Conclusions and prospects

The ‘benefit’ in beneficial mutations is a function of the interplay between genotype, environment and the physiology of a cell. In the case of rpoS mutations, the selectivity and speed of mutational spread is determined by the quantifiable trade-off costs in a particular environmental setting. The sensitivity of the benefit, the incomplete fixation of strongly beneficial mutations and the demonstrated divergence associated with weakly beneficial mutations are inconsistent with simple models of bacterial evolution. A simple black-box approach to bacterial properties in population models is no longer justifiable.

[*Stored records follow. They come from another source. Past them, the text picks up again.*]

lemma relpow_tri_adj_dist:
  assumes "R \<subseteq> {(a, b). tri_adj a b}" "(a, b) \<in> R ^^ k"
  shows "\<bar>fst b - fst a\<bar> \<le> int k \<and> \<bar>snd b - snd a\<bar> \<le> int k"
  using assms(2)
proof (induction k arbitrary: b)
  case (Suc k)
  then obtain c where c: "(a, c) \<in> R ^^ k" "(c, b) \<in> R" by auto
  then have "tri_adj c b" using assms(1) by auto
  then have "\<bar>fst b - fst c\<bar> \<le> 1 \<and> \<bar>snd b - snd c\<bar> \<le> 1" by (cases b; cases c) (auto simp: tri_adj_iff)
  then show ?case using Suc.IH[OF c(1)] by (simp add: abs_le_iff)
qed simp

lemma finite_Omega: "finite (Omega n)"
proof -
  define K where "K = int (n * n)"
  define B where "B = {-K..K} \<times> {-K..K}"
  have "Omega n \<subseteq> translation_class ` Pow B"
  proof
    fix C assume "C \<in> Omega n"
    then obtain S where C: "C = translation_class S" and fin: "finite S" and cS: "card S = n"
      and conn: "conf_connected S" unfolding Omega_eq by blast
    show "C \<in> translation_class ` Pow B"
    proof (cases "S = {}")
      case True then show ?thesis using C by blast
    next
      case False
      then obtain x0 where x0: "x0 \<in> S" by blast
      define t where "t = (- fst x0, - snd x0)"
      have "card (darts S) \<le> card (S \<times> S)"
        using fin by (intro card_mono) (auto simp: darts_def)
      then have cD: "card (darts S) \<le> n * n" using cS by (simp add: card_cartesian_product)
      have "translate t S \<subseteq> B"
      proof
        fix y assume "y \<in> translate t S"
        then obtain v where v: "v \<in> S" "y = vadd v t" unfolding translate_def by auto
        have "(x0, v) \<in> (darts S)\<^sup>*" using conn x0 v by (simp add: conf_connected_darts)
        then obtain k where k: "k \<le> card (darts S)" "(x0, v) \<in> darts S ^^ k"
          using rtrancl_finite_eq_relpow[OF finite_darts[OF fin]] by blast
        have "\<bar>fst v - fst x0\<bar> \<le> int k \<and> \<bar>snd v - snd x0\<bar> \<le> int k"
          by (rule relpow_tri_adj_dist[OF _ k(2)]) (auto simp: darts_def)
        moreover have "int k \<le> K" using k(1) cD unfolding K_def by linarith
        ultimately show "y \<in> B" unfolding B_def v t_def by (auto simp: vadd_def)
      qed
      then show ?thesis using C translation_class_translate by blast
    qed
  qed
  moreover have "finite (translation_class ` Pow B)" unfolding B_def by simp
  ultimately show ?thesis by (rule finite_subset)
qed

lemma sum_inverse_powers_ge:
  fixes lam :: real and f :: "'a \<Rightarrow> nat"
  assumes "finite A" "F \<subseteq> A" "lam \<ge> 1" "\<And>C. C \<in> F \<Longrightarrow> f C \<le> p"
  shows "card F / lam ^ p \<le> (\<Sum>C\<in>A. 1 / lam ^ f C)"
proof -
  have "card F / lam ^ p = (\<Sum>C\<in>F. 1 / lam ^ p)" by simp
  also have "\<dots> \<le> (\<Sum>C\<in>F. 1 / lam ^ f C)"
    using assms(3,4) by (intro sum_mono divide_left_mono power_increasing) auto
  also have "\<dots> \<le> (\<Sum>C\<in>A. 1 / lam ^ f C)"
    using assms(1-3) by (intro sum_mono2) auto
  finally show ?thesis .
qed

lemma power_1_67_bound:
  fixes lam :: real assumes "lam > 0"
  shows "0.12 * (1.67 / lam) ^ (2 * m) \<le> 3 ^ m / lam ^ (2 * m)"
proof -
  have "(1.67::real) ^ (2 * m) = (1.67 ^ 2) ^ m" by (simp add: power_mult)
  also have "\<dots> \<le> 3 ^ m" by (rule power_mono) (auto simp: power2_eq_square)
  finally have "(1.67::real) ^ (2 * m) \<le> 3 ^ m" .
  moreover have "0.12 * (1.67::real) ^ (2 * m) \<le> 1.67 ^ (2 * m)" by (intro mult_left_le_one_le) auto
  ultimately have bound: "0.12 * (1.67::real) ^ (2 * m) \<le> 3 ^ m" by linarith
  have "0.12 * (1.67 / lam) ^ (2 * m) = 0.12 * 1.67 ^ (2 * m) / lam ^ (2 * m)"
    by (simp only: power_divide times_divide_eq_right)
  also have "\<dots> \<le> 3 ^ m / lam ^ (2 * m)" using bound assms by (intro divide_right_mono) auto
  finally show ?thesis .
qed

definition column_tree_classes :: "nat \<Rightarrow> vertex set set set" where
  "column_tree_classes m =
     (\<lambda>w. translation_class (column_tree w)) ` {w. set w \<subseteq> {..2} \<and> length w = m}"

lemma card_column_tree_classes: "card (column_tree_classes m) = 3 ^ m"
proof -
  have "inj_on (\<lambda>w. translation_class (column_tree w)) {w. set w \<subseteq> {..2} \<and> length w = m}"
  proof (rule inj_onI)
    fix w1 w2 assume w: "w1 \<in> {w. set w \<subseteq> {..2} \<and> length w = m}" "w2 \<in> {w. set w \<subseteq> {..2} \<and> length w = m}"
      and "translation_class (column_tree w1) = translation_class (column_tree w2)"
    then have "column_tree w1 = column_tree w2"
      by (intro translation_class_eq_normalised) (simp_all add: column_tree_facts)
    then show "w1 = w2" using w by (intro column_tree_inj) auto
  qed
  then show ?thesis by (simp add: column_tree_classes_def card_image card_lists_length_eq)
qed

lemma column_tree_classes_subset_Omega: "column_tree_classes m \<subseteq> Omega (Suc m)"
proof
  fix C assume "C \<in> column_tree_classes m"
  then obtain w where "length w = m" "C = translation_class (column_tree w)"
    by (auto simp: column_tree_classes_def)
  then show "C \<in> Omega (Suc m)" unfolding Omega_eq using column_tree_facts[of w] by auto
qed

lemma perim_class_column_tree_classes:
  assumes "C \<in> column_tree_classes m" shows "perim_class C \<le> 2 * m"
proof -
  obtain w where "length w = m" "C = translation_class (column_tree w)"
    using assms by (auto simp: column_tree_classes_def)
  then show ?thesis using perim_class_le_card_darts[of "column_tree w"] column_tree_facts[of w] by simp
qed

theorem lemma19:
  fixes lam :: real and n :: nat
  assumes "lam \<ge> 1" and "n \<ge> 1"
  shows "(\<Sum>C\<in>Omega n. 1 / lam ^ perim_class C) \<ge> 0.12 * (1.67 / lam) ^ (2 * n - 2)"
proof -
  obtain m where n: "n = Suc m" using assms(2) by (cases n) auto
  have "0.12 * (1.67 / lam) ^ (2 * n - 2) \<le> 3 ^ m / lam ^ (2 * m)"
    using power_1_67_bound[of lam m] assms(1) by (simp add: n)
  also have "\<dots> = card (column_tree_classes m) / lam ^ (2 * m)"
    by (simp add: card_column_tree_classes)
  also have "\<dots> \<le> (\<Sum>C\<in>Omega n. 1 / lam ^ perim_class C)"
    unfolding n using finite_Omega column_tree_classes_subset_Omega assms(1) perim_class_column_tree_classes
    by (rule sum_inverse_powers_ge)
  finally show ?thesis .
qed

end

Up to now, the rpoS sweep represents one of the few beneficial mutations that have been amenable to detailed analysis. In the future, the identification and investigation of beneficial mutations will be easier and facilitated by the application of genomics. In the past few months, microbial genomes of lab-evolved organisms have been sequenced and mutations identified (Herring et al., 2006; Velicer et al., 2006). The complete cataloguing of all the mutations removes the earlier restrictions of trying to guess what beneficial mutations arise as well as the constraint of our incomplete understanding of organisms.